The task | Please give the number of lines in the records below that include "which", with no other output.

Available data |
text \<open>A shifted element of S dividing \<open>split_at p s a\<close> would be a candidate with smaller
  exponent than s; an unshifted one would, after collapsing, divide a.\<close>

lemma not_mdvd_phi_split_at:
  assumes not_dvd: "\<forall>c\<in>S. \<not> mdvd c a"
    and min: "\<forall>c\<in>candidates p S a. s \<le> c p"
    and "s + 1 < q" and room: "\<forall>c\<in>S. s + c (Suc p) \<le> a p"
    and "c \<in> S"
  shows "\<not> mdvd (phi q (Suc p) S c) (split_at p s a)"
proof
  assume dvd: "mdvd (phi q (Suc p) S c) (split_at p s a)"
  show False
  proof (cases "collapse p c \<notin> S \<and> c p + 1 < q")
    case True
    then have "c p + 1 \<le> s" and off: "\<forall>i. i \<noteq> p \<longrightarrow> i \<noteq> Suc p \<longrightarrow> c i \<le> a i"
      using dvd by (auto simp: phi_Suc mdvd_split_at_iff)
    moreover have "c (Suc p) \<noteq> 0"
      using True \<open>c \<in> S\<close> collapse_eq_self by metis
    ultimately have "c \<in> candidates p S a" "c p < s"
      using \<open>c \<in> S\<close> by (auto simp: candidates_def)
    then show False using min by fastforce
  next
    case False
    then have "phi q (Suc p) S c = c" by (auto simp: phi_Suc)
    then have "mdvd c (split_at p s a)" using dvd by simp
    then have "c p \<le> s" and off: "\<forall>i. i \<noteq> p \<longrightarrow> i \<noteq> Suc p \<longrightarrow> c i \<le> a i"
      by (auto simp: mdvd_split_at_iff)
    show False
    proof (cases "c (Suc p) = 0")
      case True
      then have "mdvd c a"
        using off \<open>c p \<le> s\<close> room \<open>c \<in> S\<close> unfolding mdvd_def by (metis add_leD1 le_trans le0)
      then show False using not_dvd \<open>c \<in> S\<close> by blast
    next
      case nonzero: False
      then have "c \<in> candidates p S a" using off \<open>c \<in> S\<close> by (auto simp: candidates_def)
      then have "c p = s" using min \<open>c p \<le> s\<close> by fastforce
      then have "collapse p c \<in> S" using False \<open>s + 1 < q\<close> by auto
      moreover have "mdvd (collapse p c) a"
        using off room \<open>c \<in> S\<close> \<open>c p = s\<close> unfolding mdvd_def collapse_def by auto
      ultimately show False using not_dvd by blast
    qed
  qed
qed

lemma split_at_min_candidate:
  fixes p :: nat and S :: "monom set" and a :: monom
  defines "s \<equiv> Min ((\<lambda>c. c p) ` candidates p S a)"
  assumes "finite S" and bound: "\<forall>c\<in>S. c (Suc p) \<le> N" and large: "p * (q - 1) + N + q \<le> e"
    and a: "a \<in> Delta_level q (Suc p) p e S - Delta_level q (Suc p) p e (phi q (Suc p) S ` S)"
  shows "split_at p s a \<in>
           Delta_level q (Suc p) (Suc p) e (phi q (Suc p) S ` S) - Delta_level q (Suc p) (Suc p) e S"
    and "collapse p (split_at p s a) = a"
proof -
  have level: "a \<in> PR_level q (Suc p) p" and deg: "mdeg (Suc p) a = e"
    and not_dvd: "\<forall>c\<in>S. \<not> mdvd c a" and "\<exists>b\<in>S. mdvd (phi q (Suc p) S b) a"
    using a by (auto simp: Delta_level_eq)
  then obtain b where b: "b \<in> candidates p S a" "b p + 1 < q"
    using phi_divisor_is_candidate by blast
  have fin: "finite ((\<lambda>c. c p) ` candidates p S a)"
    using \<open>finite S\<close> by (simp add: candidates_def)
  have min: "\<forall>c\<in>candidates p S a. s \<le> c p"
    using fin by (simp add: s_def)
  then have "s + 1 < q" using b by fastforce
  have "s \<in> (\<lambda>c. c p) ` candidates p S a"
    unfolding s_def using fin b(1) by (intro Min_in) auto
  then obtain c0 where c0: "c0 \<in> candidates p S a" "c0 p = s" by blast
  have top: "a (Suc p) = 0" and low: "\<forall>i<p. a i \<le> q - 1"
    using PR_level_bounds[OF _ level] by auto
  have "(\<Sum>i<p. a i) \<le> p * (q - 1)"
    using sum_bounded_above[of "{..<p}" a "q - 1"] low by auto
  then have "N + q \<le> a p" using deg large top by (simp add: mdeg_Suc)
  then have room: "\<forall>c\<in>S. s + c (Suc p) \<le> a p" and "s < a p"
    using bound \<open>s + 1 < q\<close> by fastforce+
  have "split_at p s a \<in> PR_level q (Suc p) (Suc p)"
    using split_at_mem_PR_level[OF level] \<open>s + 1 < q\<close> \<open>s < a p\<close> by simp
  moreover have "mdeg (Suc p) (split_at p s a) = e"
    using mdeg_split_at top \<open>s < a p\<close> deg by simp
  moreover have "\<forall>c\<in>S. \<not> mdvd (phi q (Suc p) S c) (split_at p s a)"
    using not_mdvd_phi_split_at[OF not_dvd min \<open>s + 1 < q\<close> room] by blast
  moreover have "c0 \<in> S" "mdvd c0 (split_at p s a)"
    using c0 room by (auto simp: candidates_def mdvd_split_at_iff)
  ultimately show "split_at p s a \<in>
      Delta_level q (Suc p) (Suc p) e (phi q (Suc p) S ` S) - Delta_level q (Suc p) (Suc p) e S"
    by (auto simp: Delta_level_eq)
  show "collapse p (split_at p s a) = a"
    using collapse_split_at top \<open>s < a p\<close> by simp
qed
(* For the boundary Markov chain $(M_n)$ started from any fixed initial state and any $\varepsilon>0$, almost surely \[ \lim_{n\to\infty} \frac{M_n \log^{2+\varepsilon} n}{n^{2/3}} = \infty . \]
   Context: The boundary Markov chain is the Markov chain $(M_n)_{n\ge0}$ on $\{0,1,2,\dots\}$ with $M_{n+1}=M_n+X_n$. Given $M_n=m$, its step $X_n$ has the law \[ \mathbb P(X_n=1\mid M_n=m)=\frac{2m+3}{3m+3}. \] For $1\le k\le m$, \[ \mathbb P(X_n=-k\mid M_n=m)=\frac{2(2k-2)!}{(k-1)!(k+1)!}\cdot\frac{m!^2(2m-2k+1)!}{(m-k)!^2(2m+1)!}. \] *)

theory Defs
  imports "HOL-Probability.Probability"
begin

definition bmc_step_prob :: "nat \<Rightarrow> int \<Rightarrow> real" where
  "bmc_step_prob m x =
     (if x = 1 then (2 * real m + 3) / (3 * real m + 3)
      else if - int m \<le> x \<and> x \<le> -1 then
        (let k = nat (- x) in
          (2 * fact (2*k - 2) / (fact (k - 1) * fact (k + 1))) *
          (fact m ^ 2 * fact (2*m - 2*k + 1) / (fact (m - k) ^ 2 * fact (2*m + 1))))
      else 0)"

definition bmc_trans :: "nat \<Rightarrow> nat \<Rightarrow> real" where
  "bmc_trans m m' = bmc_step_prob m (int m' - int m)"

definition boundary_markov_chain :: "'a measure \<Rightarrow> (nat \<Rightarrow> 'a \<Rightarrow> nat) \<Rightarrow> nat \<Rightarrow> bool" where
  "boundary_markov_chain M X m0 \<longleftrightarrow>
     prob_space M \<and>
     (\<forall>n. X n \<in> measurable M (count_space UNIV)) \<and>
     measure M {\<omega> \<in> space M. X 0 \<omega> = m0} = 1 \<and>
     (\<forall>n (s :: nat \<Rightarrow> nat).
        measure M {\<omega> \<in> space M. \<forall>i\<le>Suc n. X i \<omega> = s i} =
        measure M {\<omega> \<in> space M. \<forall>i\<le>n. X i \<omega> = s i} * bmc_trans (s n) (s (Suc n)))"

end

theory Submission
  imports Defs
begin

text \<open>
  The function potential m = 4^m (m!)^2 / (2m+1)!, of order m^(-1/2), is superharmonic for
  the chain: one step multiplies its conditional mean by 1 - b_m / (3(m+1)), where
  b_m = binom(2m, m) / 4^m, and this loss is at least potential(m)^4 / 48. By Jensen's
  inequality u_n = E potential(M_n) satisfies u_(n+1) <= u_n - u_n^4 / 48, hence u_n^3 <= 16 / n.
  Optional stopping at the first time after N at which the chain is at most a gives, as the
  potential is decreasing, the maximal inequality
  potential(a) P(M_t <= a for some t in [N, N+K]) <= u_N.
  On the block [8^j, 8^(j+1)] with a = c 4^(j+1) / j^(2+eps) this probability is
  O(j^(-1-eps/2) + 2^(-j)), which is summable; since n^(2/3) <= 4^(j+1) and ln n >= j on the
  block, Borel-Cantelli for every c gives the theorem.
\<close>

section \<open>A superharmonic potential\<close>

definition central_binomial_prob :: "nat \<Rightarrow> real" where
  "central_binomial_prob m = fact (2*m) / (fact m ^ 2 * 4 ^ m)"

definition potential :: "nat \<Rightarrow> real" where
  "potential m = fact m ^ 2 * 4 ^ m / fact (2*m+1)"

lemma central_binomial_prob_pos [simp]: "central_binomial_prob m > 0"
  by (simp add: central_binomial_prob_def)

lemma potential_pos [simp]: "potential m > 0"
  by (simp add: potential_def)

lemma potential_0 [simp]: "potential 0 = 1"
  by (simp add: potential_def)

lemma potential_eq_inverse: "potential m = 1 / ((2 * real m + 1) * central_binomial_prob m)"
proof -
  have "fact (2*m+1) = (2 * real m + 1) * (fact (2*m) :: real)"
    by simp
  then show ?thesis
    by (simp add: potential_def central_binomial_prob_def)
qed

lemma central_binomial_prob_Suc:
  "central_binomial_prob (Suc m) = central_binomial_prob m * (2 * real m + 1) / (2 * real m + 2)"
proof -
  have "fact (2 * Suc m) = (2 * real m + 2) * (2 * real m + 1) * (fact (2*m) :: real)"
    by (simp add: algebra_simps)
  moreover have "fact (Suc m) = (real m + 1) * (fact m :: real)"
    by simp
  ultimately show ?thesis
    unfolding central_binomial_prob_def
    by (simp add: divide_simps) (simp add: algebra_simps power2_eq_square)
qed

lemma potential_Suc: "potential (Suc m) = potential m * (2 * real m + 2) / (2 * real m + 3)"
proof -
  have "potential (Suc m) =
      1 / ((2 * real m + 3) * (central_binomial_prob m * (2 * real m + 1) / (2 * real m + 2)))"
    unfolding potential_eq_inverse central_binomial_prob_Suc by (simp add: algebra_simps)
  also have "\<dots> = potential m * (2 * real m + 2) / (2 * real m + 3)"
    unfolding potential_eq_inverse using central_binomial_prob_pos[of m] by (simp add: divide_simps)
  finally show ?thesis .
qed

lemma decseq_potential: "decseq potential"
proof (rule decseq_SucI)
  show "potential (Suc m) \<le> potential m" for m
    unfolding potential_Suc using potential_pos[of m] by (simp add: divide_simps)
qed

lemmas potential_antimono = decseqD[OF decseq_potential]

lemma potential_le_one: "potential m \<le> 1"
  using potential_antimono[of 0 m] by simp

lemma central_binomial_prob_sq_ge: "1 \<le> central_binomial_prob m ^ 2 * (4 * real m + 1)"
proof (induction m)
  case 0
  then show ?case by (simp add: central_binomial_prob_def)
next
  case (Suc m)
  define x where "x = real m"
  have x: "x \<ge> 0" by (simp add: x_def)
  have sq: "central_binomial_prob (Suc m) ^ 2 = central_binomial_prob m ^ 2 * (2*x+1)^2 / (2*x+2)^2"
    by (simp add: central_binomial_prob_Suc power_divide power_mult_distrib x_def)
  have "central_binomial_prob (Suc m) ^ 2 * (4 * real (Suc m) + 1) =
      central_binomial_prob m ^ 2 * ((2*x+1)^2 * (4*x+5) / (2*x+2)^2)"
    unfolding sq by (simp add: x_def algebra_simps)
  also have "\<dots> \<ge> central_binomial_prob m ^ 2 * (4*x+1)"
  proof (rule mult_left_mono)
    have "(2*x+1)^2 * (4*x+5) = (4*x+1) * (2*x+2)^2 + 1"
      by (simp add: power2_eq_square algebra_simps)
    then show "4*x+1 \<le> (2*x+1)^2 * (4*x+5) / (2*x+2)^2"
      using x by (simp add: le_divide_eq)
  qed simp
  finally show ?case using Suc by (simp add: x_def)
qed

lemma central_binomial_prob_sq_le: "central_binomial_prob m ^ 2 * (2 * real m + 1) \<le> 1"
proof (induction m)
  case 0
  then show ?case by (simp add: central_binomial_prob_def)
next
  case (Suc m)
  define x where "x = real m"
  have x: "x \<ge> 0" by (simp add: x_def)
  have sq: "central_binomial_prob (Suc m) ^ 2 = central_binomial_prob m ^ 2 * (2*x+1)^2 / (2*x+2)^2"
    by (simp add: central_binomial_prob_Suc power_divide power_mult_distrib x_def)
  have "central_binomial_prob (Suc m) ^ 2 * (2 * real (Suc m) + 1) =
      central_binomial_prob m ^ 2 * ((2*x+1)^2 * (2*x+3) / (2*x+2)^2)"
    unfolding sq by (simp add: x_def algebra_simps)
  also have "\<dots> \<le> central_binomial_prob m ^ 2 * (2*x+1)"
  proof (rule mult_left_mono)
    have "(2*x+1)^2 * (2*x+3) + (2*x+1) = (2*x+1) * (2*x+2)^2"
      by (simp add: power2_eq_square algebra_simps)
    then show "(2*x+1)^2 * (2*x+3) / (2*x+2)^2 \<le> 2*x+1"
      using x by (simp add: divide_le_eq)
  qed simp
  finally show ?case using Suc by (simp add: x_def)
qed

lemma sum_central_binomial_prob:
  "(\<Sum>k=1..m. central_binomial_prob (k-1) / (2 * real k * (real k + 1))) =
     1/3 - central_binomial_prob m / (3 * (real m + 1))"
proof (induction m)
  case 0
  then show ?case by (simp add: central_binomial_prob_def)
next
  case (Suc m)
  have "(\<Sum>k=1..Suc m. central_binomial_prob (k-1) / (2 * real k * (real k + 1))) =
      (\<Sum>k=1..m. central_binomial_prob (k-1) / (2 * real k * (real k + 1))) +
      central_binomial_prob m / (2 * (real m + 1) * (real m + 2))"
    by (simp add: algebra_simps)
  also have "\<dots> = 1/3 - central_binomial_prob (Suc m) / (3 * (real (Suc m) + 1))"
    unfolding Suc central_binomial_prob_Suc by (simp add: divide_simps) (simp add: algebra_simps)
  finally show ?case .
qed

lemma potential_cube_le: "potential m ^ 3 / 48 \<le> central_binomial_prob m / (3 * (real m + 1))"
proof -
  define x y where "x = real m" and "y = central_binomial_prob m"
  have x: "x \<ge> 0" and y: "y > 0"
    by (simp_all add: x_def y_def)
  have "1 \<le> (y^2 * (4*x+1))^2"
    using central_binomial_prob_sq_ge[of m] by (simp add: x_def y_def)
  then have y4: "1 \<le> y^4 * (4*x+1)^2"
    by (simp add: power_mult_distrib flip: power_mult)
  have "48 * (2*x+1)^3 - 3*(x+1) * (4*x+1)^2 = 336*x^3 + 504*x^2 + 261*x + 45"
    by (simp add: power2_eq_square power3_eq_cube algebra_simps)
  then have poly: "3*(x+1) * (4*x+1)^2 \<le> 48 * (2*x+1)^3"
    using x by (smt (verit) zero_le_power)
  have "3*(x+1) \<le> 3*(x+1) * (y^4 * (4*x+1)^2)"
    using y4 x by simp
  also have "\<dots> = y^4 * (3*(x+1) * (4*x+1)^2)"
    by simp
  also have "\<dots> \<le> y^4 * (48 * (2*x+1)^3)"
    using poly by (intro mult_left_mono) auto
  finally have "3*(x+1) \<le> 48 * ((2*x+1)*y)^3 * y"
    by (simp add: power_mult_distrib power3_eq_cube power4_eq_xxxx mult_ac)
  then have "1 / (48 * ((2*x+1)*y)^3) \<le> y / (3*(x+1))"
    using x y by (simp add: divide_simps mult_ac)
  then show ?thesis
    by (simp add: potential_eq_inverse x_def y_def power_one_over)
qed

lemma inverse_potential_le_sqrt: "1 / potential m \<le> sqrt (2 * real m + 1)"
proof (rule real_le_rsqrt)
  have "(1 / potential m)^2 = (2 * real m + 1) * (central_binomial_prob m ^ 2 * (2 * real m + 1))"
    by (simp add: potential_eq_inverse power2_eq_square)
  also have "\<dots> \<le> (2 * real m + 1) * 1"
    by (intro mult_left_mono central_binomial_prob_sq_le) simp
  finally show "(1 / potential m)^2 \<le> 2 * real m + 1"
    by simp
qed

lemma bmc_trans_nonneg: "bmc_trans m m' \<ge> 0"
  unfolding bmc_trans_def bmc_step_prob_def Let_def
  by (auto intro!: mult_nonneg_nonneg divide_nonneg_nonneg)

lemma bmc_trans_eq_0_if_gt: "Suc m < m' \<Longrightarrow> bmc_trans m m' = 0"
  unfolding bmc_trans_def bmc_step_prob_def by auto

lemma bmc_trans_self [simp]: "bmc_trans m m = 0"
  unfolding bmc_trans_def bmc_step_prob_def by auto

lemma bmc_trans_Suc: "bmc_trans m (Suc m) = (2 * real m + 3) / (3 * real m + 3)"
  unfolding bmc_trans_def bmc_step_prob_def by simp

lemma bmc_trans_down_potential:
  assumes "k \<ge> 1"
  shows "bmc_trans (j + k) j * potential j =
    potential (j + k) * central_binomial_prob (k - 1) / (2 * real k * (real k + 1))"
proof -
  obtain i where k: "k = Suc i"
    using assms by (cases k) auto
  have "bmc_trans (j + k) j = 2 * fact (2*i) / (fact i * fact (i+2)) *
      (fact (j+k) ^ 2 * fact (2*j+1) / (fact j ^ 2 * fact (2*(j+k)+1)))"
    unfolding bmc_trans_def bmc_step_prob_def Let_def using k
    by (simp add: nat_add_distrib numeral_2_eq_2)
  moreover have "fact (i+2) = (real i + 1) * (real i + 2) * (fact i :: real)"
    by (simp add: numeral_2_eq_2 algebra_simps)
  moreover have "(4::real) ^ (j+k) = 4 ^ j * 4 * 4 ^ i"
    by (simp add: k power_add)
  ultimately show ?thesis
    unfolding potential_def central_binomial_prob_def using k
    by (simp add: divide_simps) (simp add: algebra_simps power2_eq_square)
qed

lemma bmc_trans_potential_sum:
  assumes "Suc m \<le> B"
  shows "(\<Sum>m'=0..B. bmc_trans m m' * potential m') =
    potential m * (1 - central_binomial_prob m / (3 * (real m + 1)))"
proof -
  have "(\<Sum>m'=0..B. bmc_trans m m' * potential m') = (\<Sum>m'=0..Suc m. bmc_trans m m' * potential m')"
    by (rule sum.mono_neutral_right) (use assms bmc_trans_eq_0_if_gt in auto)
  also have "\<dots> = (\<Sum>m'<m. bmc_trans m m' * potential m') + bmc_trans m (Suc m) * potential (Suc m)"
    by (simp add: atLeast0AtMost lessThan_Suc_atMost[symmetric])
  also have "(\<Sum>m'<m. bmc_trans m m' * potential m') = (\<Sum>k=1..m. bmc_trans m (m-k) * potential (m-k))"
    by (rule sum.reindex_bij_witness[of _ "\<lambda>m'. m - m'" "\<lambda>k. m - k"]) auto
  also have "\<dots> = (\<Sum>k=1..m. potential m * (central_binomial_prob (k-1) / (2 * real k * (real k + 1))))"
  proof (rule sum.cong[OF refl])
    fix k assume "k \<in> {1..m}"
    then show "bmc_trans m (m-k) * potential (m-k) =
        potential m * (central_binomial_prob (k-1) / (2 * real k * (real k + 1)))"
      using bmc_trans_down_potential[of k "m-k"] by simp
  qed
  also have "\<dots> = potential m * (1/3 - central_binomial_prob m / (3 * (real m + 1)))"
    by (simp only: sum_distrib_left[symmetric] sum_central_binomial_prob)
  also have "bmc_trans m (Suc m) * potential (Suc m) = potential m * (2/3)"
    unfolding bmc_trans_Suc potential_Suc by (simp add: divide_simps; simp add: algebra_simps)
  finally show ?thesis
    by (simp add: algebra_simps)
qed

lemma bmc_trans_potential_sum_le: "(\<Sum>m'=0..B. bmc_trans m m' * potential m') \<le> potential m"
proof -
  have "(\<Sum>m'=0..B. bmc_trans m m' * potential m') \<le> (\<Sum>m'=0..max B (Suc m). bmc_trans m m' * potential m')"
    by (rule sum_mono2) (auto intro!: mult_nonneg_nonneg bmc_trans_nonneg less_imp_le[OF potential_pos])
  also have "\<dots> = potential m * (1 - central_binomial_prob m / (3 * (real m + 1)))"
    by (rule bmc_trans_potential_sum) simp
  also have "\<dots> \<le> potential m"
    using potential_pos[of m] central_binomial_prob_pos[of m]
    by (simp add: mult_le_cancel_left1 zero_le_divide_iff less_imp_le)
  finally show ?thesis .
qed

Result of this task | 2